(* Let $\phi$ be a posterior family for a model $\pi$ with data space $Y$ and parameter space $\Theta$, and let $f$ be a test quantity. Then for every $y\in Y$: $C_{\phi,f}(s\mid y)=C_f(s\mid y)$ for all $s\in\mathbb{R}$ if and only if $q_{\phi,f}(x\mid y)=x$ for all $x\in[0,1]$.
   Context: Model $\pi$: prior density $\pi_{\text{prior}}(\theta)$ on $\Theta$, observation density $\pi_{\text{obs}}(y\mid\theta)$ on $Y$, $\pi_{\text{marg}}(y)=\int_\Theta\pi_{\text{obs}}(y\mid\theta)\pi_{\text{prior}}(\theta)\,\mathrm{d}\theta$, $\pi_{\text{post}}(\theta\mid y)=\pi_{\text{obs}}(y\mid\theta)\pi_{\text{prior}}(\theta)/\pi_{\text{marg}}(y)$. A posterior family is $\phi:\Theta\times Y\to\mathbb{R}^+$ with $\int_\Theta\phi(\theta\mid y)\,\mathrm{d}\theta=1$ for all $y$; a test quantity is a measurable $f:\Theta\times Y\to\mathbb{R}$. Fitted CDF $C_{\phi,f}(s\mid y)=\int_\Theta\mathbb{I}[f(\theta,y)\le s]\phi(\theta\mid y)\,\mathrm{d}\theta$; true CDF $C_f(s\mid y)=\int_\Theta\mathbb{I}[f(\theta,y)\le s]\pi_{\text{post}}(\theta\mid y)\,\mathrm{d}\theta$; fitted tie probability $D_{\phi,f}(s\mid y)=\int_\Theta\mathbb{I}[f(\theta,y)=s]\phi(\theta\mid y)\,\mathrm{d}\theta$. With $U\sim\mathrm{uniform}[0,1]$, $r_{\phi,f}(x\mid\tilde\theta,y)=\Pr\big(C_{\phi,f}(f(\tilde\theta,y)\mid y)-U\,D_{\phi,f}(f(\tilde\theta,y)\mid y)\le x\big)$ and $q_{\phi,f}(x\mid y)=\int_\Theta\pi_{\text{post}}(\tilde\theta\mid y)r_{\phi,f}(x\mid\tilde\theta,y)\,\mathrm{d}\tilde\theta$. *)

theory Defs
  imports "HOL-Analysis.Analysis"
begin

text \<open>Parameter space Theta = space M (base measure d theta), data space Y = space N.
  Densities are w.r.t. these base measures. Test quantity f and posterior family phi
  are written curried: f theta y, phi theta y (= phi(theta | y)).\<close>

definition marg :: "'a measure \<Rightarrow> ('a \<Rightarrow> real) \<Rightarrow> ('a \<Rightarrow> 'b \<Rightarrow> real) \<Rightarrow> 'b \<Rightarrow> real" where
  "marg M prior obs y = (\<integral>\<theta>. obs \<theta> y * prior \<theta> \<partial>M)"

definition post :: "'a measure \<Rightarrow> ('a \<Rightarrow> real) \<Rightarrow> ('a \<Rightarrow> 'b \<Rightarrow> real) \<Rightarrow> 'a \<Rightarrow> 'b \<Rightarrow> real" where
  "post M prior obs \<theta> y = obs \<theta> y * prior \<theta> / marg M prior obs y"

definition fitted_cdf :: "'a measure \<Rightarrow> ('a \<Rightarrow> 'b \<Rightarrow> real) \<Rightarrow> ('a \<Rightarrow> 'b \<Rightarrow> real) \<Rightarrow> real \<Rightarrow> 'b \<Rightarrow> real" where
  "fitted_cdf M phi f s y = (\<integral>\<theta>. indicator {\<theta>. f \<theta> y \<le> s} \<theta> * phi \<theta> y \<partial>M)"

^^^^^^^^^^^^^^^^

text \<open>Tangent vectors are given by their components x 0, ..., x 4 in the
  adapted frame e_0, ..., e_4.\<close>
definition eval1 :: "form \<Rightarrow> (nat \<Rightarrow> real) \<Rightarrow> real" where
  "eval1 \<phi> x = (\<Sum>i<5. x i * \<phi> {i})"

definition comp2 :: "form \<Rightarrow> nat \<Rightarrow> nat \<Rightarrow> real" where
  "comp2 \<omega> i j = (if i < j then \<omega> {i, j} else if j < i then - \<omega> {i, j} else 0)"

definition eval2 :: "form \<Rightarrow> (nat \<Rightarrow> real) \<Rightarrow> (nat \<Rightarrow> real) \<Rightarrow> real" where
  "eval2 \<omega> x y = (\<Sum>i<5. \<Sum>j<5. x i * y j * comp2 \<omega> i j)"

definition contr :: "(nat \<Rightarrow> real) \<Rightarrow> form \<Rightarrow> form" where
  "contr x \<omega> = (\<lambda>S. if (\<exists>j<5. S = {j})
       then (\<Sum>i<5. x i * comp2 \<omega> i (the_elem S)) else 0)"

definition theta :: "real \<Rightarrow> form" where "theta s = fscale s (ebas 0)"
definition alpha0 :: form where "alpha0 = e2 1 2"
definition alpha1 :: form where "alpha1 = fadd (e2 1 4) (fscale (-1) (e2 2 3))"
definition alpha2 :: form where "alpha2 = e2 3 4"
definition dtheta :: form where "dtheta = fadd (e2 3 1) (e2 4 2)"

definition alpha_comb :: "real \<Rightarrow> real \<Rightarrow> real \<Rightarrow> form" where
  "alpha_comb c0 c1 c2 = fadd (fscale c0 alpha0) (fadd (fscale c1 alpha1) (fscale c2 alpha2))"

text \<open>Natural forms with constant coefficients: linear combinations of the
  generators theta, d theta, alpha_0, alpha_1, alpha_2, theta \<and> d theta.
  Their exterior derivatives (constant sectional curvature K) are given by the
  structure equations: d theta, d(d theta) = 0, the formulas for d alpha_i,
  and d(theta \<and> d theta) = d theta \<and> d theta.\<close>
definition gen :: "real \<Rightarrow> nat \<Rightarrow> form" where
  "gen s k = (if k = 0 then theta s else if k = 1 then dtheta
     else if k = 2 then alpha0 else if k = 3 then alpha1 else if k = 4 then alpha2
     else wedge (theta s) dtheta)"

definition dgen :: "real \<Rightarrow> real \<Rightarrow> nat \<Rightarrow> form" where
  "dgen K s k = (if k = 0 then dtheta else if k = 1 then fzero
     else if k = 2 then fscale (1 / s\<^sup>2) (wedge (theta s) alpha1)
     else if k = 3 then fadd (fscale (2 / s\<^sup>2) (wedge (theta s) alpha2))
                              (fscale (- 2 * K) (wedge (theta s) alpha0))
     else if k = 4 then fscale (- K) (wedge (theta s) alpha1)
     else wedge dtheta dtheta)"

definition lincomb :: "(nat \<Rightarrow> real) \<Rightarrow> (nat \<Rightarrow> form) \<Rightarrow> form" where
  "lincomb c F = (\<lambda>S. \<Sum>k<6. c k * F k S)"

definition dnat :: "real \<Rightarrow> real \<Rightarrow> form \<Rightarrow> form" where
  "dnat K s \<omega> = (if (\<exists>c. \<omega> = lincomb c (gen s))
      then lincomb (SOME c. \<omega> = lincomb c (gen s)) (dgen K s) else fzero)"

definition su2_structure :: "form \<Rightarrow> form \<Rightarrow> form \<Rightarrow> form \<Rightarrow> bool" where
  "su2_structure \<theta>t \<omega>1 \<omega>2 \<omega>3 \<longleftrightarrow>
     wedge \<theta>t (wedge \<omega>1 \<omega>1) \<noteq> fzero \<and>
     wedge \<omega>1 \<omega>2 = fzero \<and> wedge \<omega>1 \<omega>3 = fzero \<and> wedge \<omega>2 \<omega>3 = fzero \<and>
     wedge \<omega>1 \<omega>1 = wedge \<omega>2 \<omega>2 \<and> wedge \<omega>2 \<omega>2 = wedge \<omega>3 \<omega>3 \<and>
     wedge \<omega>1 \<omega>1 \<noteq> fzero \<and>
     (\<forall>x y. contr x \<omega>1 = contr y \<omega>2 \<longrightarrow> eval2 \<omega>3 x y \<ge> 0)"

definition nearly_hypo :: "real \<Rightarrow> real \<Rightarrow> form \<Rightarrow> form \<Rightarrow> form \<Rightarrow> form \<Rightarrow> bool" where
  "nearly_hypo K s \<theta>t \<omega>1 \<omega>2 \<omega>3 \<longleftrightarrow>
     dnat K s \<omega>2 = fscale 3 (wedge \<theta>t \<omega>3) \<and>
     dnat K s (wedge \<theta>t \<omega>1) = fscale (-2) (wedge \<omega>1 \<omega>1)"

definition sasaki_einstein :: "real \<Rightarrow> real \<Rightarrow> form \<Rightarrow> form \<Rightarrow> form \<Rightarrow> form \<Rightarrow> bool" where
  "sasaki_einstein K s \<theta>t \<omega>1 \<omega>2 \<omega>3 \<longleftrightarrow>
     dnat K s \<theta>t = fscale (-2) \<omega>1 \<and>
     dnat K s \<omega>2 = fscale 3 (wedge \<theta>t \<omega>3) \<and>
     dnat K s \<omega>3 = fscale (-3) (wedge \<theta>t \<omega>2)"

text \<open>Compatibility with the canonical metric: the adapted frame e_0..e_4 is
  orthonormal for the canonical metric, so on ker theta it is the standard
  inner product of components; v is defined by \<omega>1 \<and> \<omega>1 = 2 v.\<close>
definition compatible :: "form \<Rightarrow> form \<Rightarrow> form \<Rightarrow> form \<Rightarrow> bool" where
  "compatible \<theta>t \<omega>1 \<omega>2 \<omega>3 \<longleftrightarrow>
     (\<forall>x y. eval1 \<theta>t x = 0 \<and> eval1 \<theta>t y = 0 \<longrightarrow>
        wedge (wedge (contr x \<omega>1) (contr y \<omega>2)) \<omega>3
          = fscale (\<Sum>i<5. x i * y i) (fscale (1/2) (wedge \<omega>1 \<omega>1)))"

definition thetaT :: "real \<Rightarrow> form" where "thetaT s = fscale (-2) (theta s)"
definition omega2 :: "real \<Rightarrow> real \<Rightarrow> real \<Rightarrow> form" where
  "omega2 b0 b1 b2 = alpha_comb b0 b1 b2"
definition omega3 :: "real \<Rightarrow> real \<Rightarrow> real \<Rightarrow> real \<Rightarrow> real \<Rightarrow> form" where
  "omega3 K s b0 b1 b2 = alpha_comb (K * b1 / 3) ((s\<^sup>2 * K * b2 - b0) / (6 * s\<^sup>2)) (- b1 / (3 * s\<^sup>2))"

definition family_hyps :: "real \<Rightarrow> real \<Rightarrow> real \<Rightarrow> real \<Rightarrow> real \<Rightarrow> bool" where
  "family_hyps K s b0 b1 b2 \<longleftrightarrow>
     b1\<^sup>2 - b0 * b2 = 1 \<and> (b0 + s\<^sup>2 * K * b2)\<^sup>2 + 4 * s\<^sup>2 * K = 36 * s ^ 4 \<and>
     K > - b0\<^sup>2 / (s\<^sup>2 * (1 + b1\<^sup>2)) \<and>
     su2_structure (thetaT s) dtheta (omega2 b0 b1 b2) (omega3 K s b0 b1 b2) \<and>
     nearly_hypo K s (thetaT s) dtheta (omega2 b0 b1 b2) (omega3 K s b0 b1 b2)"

^^^^^^^^^^^^^^^^

▶ [Task prompt]: From the records above, extract exactly and only the lines that begin at the line with "(\<forall>x y. eval1" and stop after the line with "su2_structure (thetaT s)".

▶ [Solution to this task]:
     (\<forall>x y. eval1 \<theta>t x = 0 \<and> eval1 \<theta>t y = 0 \<longrightarrow>
        wedge (wedge (contr x \<omega>1) (contr y \<omega>2)) \<omega>3
          = fscale (\<Sum>i<5. x i * y i) (fscale (1/2) (wedge \<omega>1 \<omega>1)))"

definition thetaT :: "real \<Rightarrow> form" where "thetaT s = fscale (-2) (theta s)"
definition omega2 :: "real \<Rightarrow> real \<Rightarrow> real \<Rightarrow> form" where
  "omega2 b0 b1 b2 = alpha_comb b0 b1 b2"
definition omega3 :: "real \<Rightarrow> real \<Rightarrow> real \<Rightarrow> real \<Rightarrow> real \<Rightarrow> form" where
  "omega3 K s b0 b1 b2 = alpha_comb (K * b1 / 3) ((s\<^sup>2 * K * b2 - b0) / (6 * s\<^sup>2)) (- b1 / (3 * s\<^sup>2))"

definition family_hyps :: "real \<Rightarrow> real \<Rightarrow> real \<Rightarrow> real \<Rightarrow> real \<Rightarrow> bool" where
  "family_hyps K s b0 b1 b2 \<longleftrightarrow>
     b1\<^sup>2 - b0 * b2 = 1 \<and> (b0 + s\<^sup>2 * K * b2)\<^sup>2 + 4 * s\<^sup>2 * K = 36 * s ^ 4 \<and>
     K > - b0\<^sup>2 / (s\<^sup>2 * (1 + b1\<^sup>2)) \<and>
     su2_structure (thetaT s) dtheta (omega2 b0 b1 b2) (omega3 K s b0 b1 b2) \<and>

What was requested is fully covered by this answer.